text \<open>Otherwise the powers of \<open>B/m\<close>, for \<open>\<rho>(B) < m < \<mu>\<close>, would stay bounded while
  \<open>(\<mu>/m)^k u\<close> grows.\<close>

lemma subinvariant_le_spec_rad:
  assumes fin: "finite S" and B: "\<forall>v\<in>S. \<forall>w\<in>S. 0 \<le> B v w"
    and u: "\<forall>v\<in>S. 0 \<le> u v" and v0: "v0 \<in> S" "0 < u v0"
    and sub: "\<forall>v\<in>S. \<mu> * u v \<le> (\<Sum>w\<in>S. B v w * u w)" and "0 < \<mu>"
  shows "\<mu> \<le> spec_rad S B"
proof (rule ccontr)
  assume "\<not> \<mu> \<le> spec_rad S B"
  moreover have "0 \<le> spec_rad S B"
    using spec_rad_nonneg fin v0(1) by blast
  ultimately obtain m where m: "0 < m" "spec_rad S B < m" "m < \<mu>"
    using dense by (metis not_le order.strict_trans1)
  define B' where "B' = (\<lambda>v w. B v w / m)"
  have "spec_rad S B' \<le> spec_rad S B / m"
    unfolding B'_def using spec_rad_divide_le fin v0(1) m(1) by blast
  also have "\<dots> < 1" using m by simp
  finally obtain c where c: "\<And>k w. w \<in> S \<Longrightarrow> \<bar>mat_pow_on S B' k v0 w\<bar> \<le> c"
    using mat_pow_on_bounded[OF fin] v0(1) by metis
  have B': "\<forall>v\<in>S. \<forall>w\<in>S. 0 \<le> B' v w"
    using B m(1) by (simp add: B'_def)
  have sub': "\<forall>v\<in>S. \<mu> / m * u v \<le> (\<Sum>w\<in>S. B' v w * u w)"
    using sub m(1) by (simp add: B'_def sum_divide_distrib[symmetric] divide_right_mono)
  have "(\<mu> / m) ^ k * u v0 \<le> c * (\<Sum>w\<in>S. u w)" for k
  proof -
    have "(\<mu> / m) ^ k * u v0 \<le> (\<Sum>w\<in>S. mat_pow_on S B' k v0 w * u w)"
      using mat_pow_on_subinvariant[OF fin B' _ sub' v0(1)] \<open>0 < \<mu>\<close> m(1) by simp
    also have "\<dots> \<le> (\<Sum>w\<in>S. c * u w)"
      using c u by (intro sum_mono) (metis abs_ge_self mult_right_mono order_trans)
    finally show ?thesis by (simp add: sum_distrib_left)
  qed
  moreover obtain k where "c * (\<Sum>w\<in>S. u w) / u v0 < (\<mu> / m) ^ k"
    using real_arch_pow[of "\<mu> / m"] m by auto
  ultimately show False
    using v0(2) by (metis divide_less_eq not_le)
qed

section \<open>Positive matrices\<close>

lemma positive_subinvariant_is_eigenvector:
  assumes fin: "finite S" and pos: "\<forall>v\<in>S. \<forall>w\<in>S. 0 < B v w"
    and y: "\<forall>v\<in>S. 0 \<le> y v" and v1: "v1 \<in> S" "0 < y v1"
    and sub: "\<forall>v\<in>S. spec_rad S B * y v \<le> (\<Sum>w\<in>S. B v w * y w)"
  shows "\<forall>v\<in>S. (\<Sum>w\<in>S. B v w * y w) = spec_rad S B * y v"
proof (rule ccontr)
  let ?\<rho> = "spec_rad S B"
  have Bnn: "\<forall>v\<in>S. \<forall>w\<in>S. 0 \<le> B v w"
    using pos by (auto simp: less_imp_le)
  define u where "u v = (\<Sum>w\<in>S. B v w * y w)" for v
  assume "\<not> (\<forall>v\<in>S. (\<Sum>w\<in>S. B v w * y w) = ?\<rho> * y v)"
  then obtain v0 where v0: "v0 \<in> S" "?\<rho> * y v0 < u v0"
    using sub unfolding u_def by force
  have u: "0 < u v" if "v \<in> S" for v
    unfolding u_def using pos Bnn y v1 that by (intro sum_pos2[OF fin v1(1)]) auto
  have gap: "?\<rho> * u v < (\<Sum>w\<in>S. B v w * u w)" if v: "v \<in> S" for v
  proof -
    have "0 < (\<Sum>w\<in>S. B v w * (u w - ?\<rho> * y w))"
      using pos Bnn sub v v0 by (intro sum_pos2[OF fin v0(1)]) (auto simp: u_def)
    also have "\<dots> = (\<Sum>w\<in>S. B v w * u w) - ?\<rho> * u v"
      by (simp add: u_def right_diff_distrib sum_subtractf sum_distrib_left algebra_simps)
    finally show ?thesis by simp
  qed
  define \<mu> where "\<mu> = Min ((\<lambda>v. (\<Sum>w\<in>S. B v w * u w) / u v) ` S)"
  have "?\<rho> < \<mu>"
    unfolding \<mu>_def using fin v0(1) gap u by (subst Min_gr_iff) (auto simp: pos_less_divide_eq)
  moreover have "\<mu> \<le> ?\<rho>"
  proof (rule subinvariant_le_spec_rad[where u = u, OF fin Bnn _ v0(1) u[OF v0(1)]])
    show "\<forall>v\<in>S. 0 \<le> u v" using u by (simp add: less_imp_le)
    show "\<forall>v\<in>S. \<mu> * u v \<le> (\<Sum>w\<in>S. B v w * u w)"
    proof
      fix v assume v: "v \<in> S"
      have "\<mu> \<le> (\<Sum>w\<in>S. B v w * u w) / u v"
        unfolding \<mu>_def using fin v by (intro Min_le) auto
      thus "\<mu> * u v \<le> (\<Sum>w\<in>S. B v w * u w)"
        using u[OF v] by (simp add: pos_le_divide_eq)
    qed
    show "0 < \<mu>"
      using spec_rad_nonneg[OF fin, of B] v0(1) \<open>?\<rho> < \<mu>\<close> by (metis empty_iff le_less_trans)
  qed
  ultimately show False by simp
qed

═══

» Task brief: In the records above, the lines containing the string "assumes" should be counted; give only the total.

» Expected answer: 2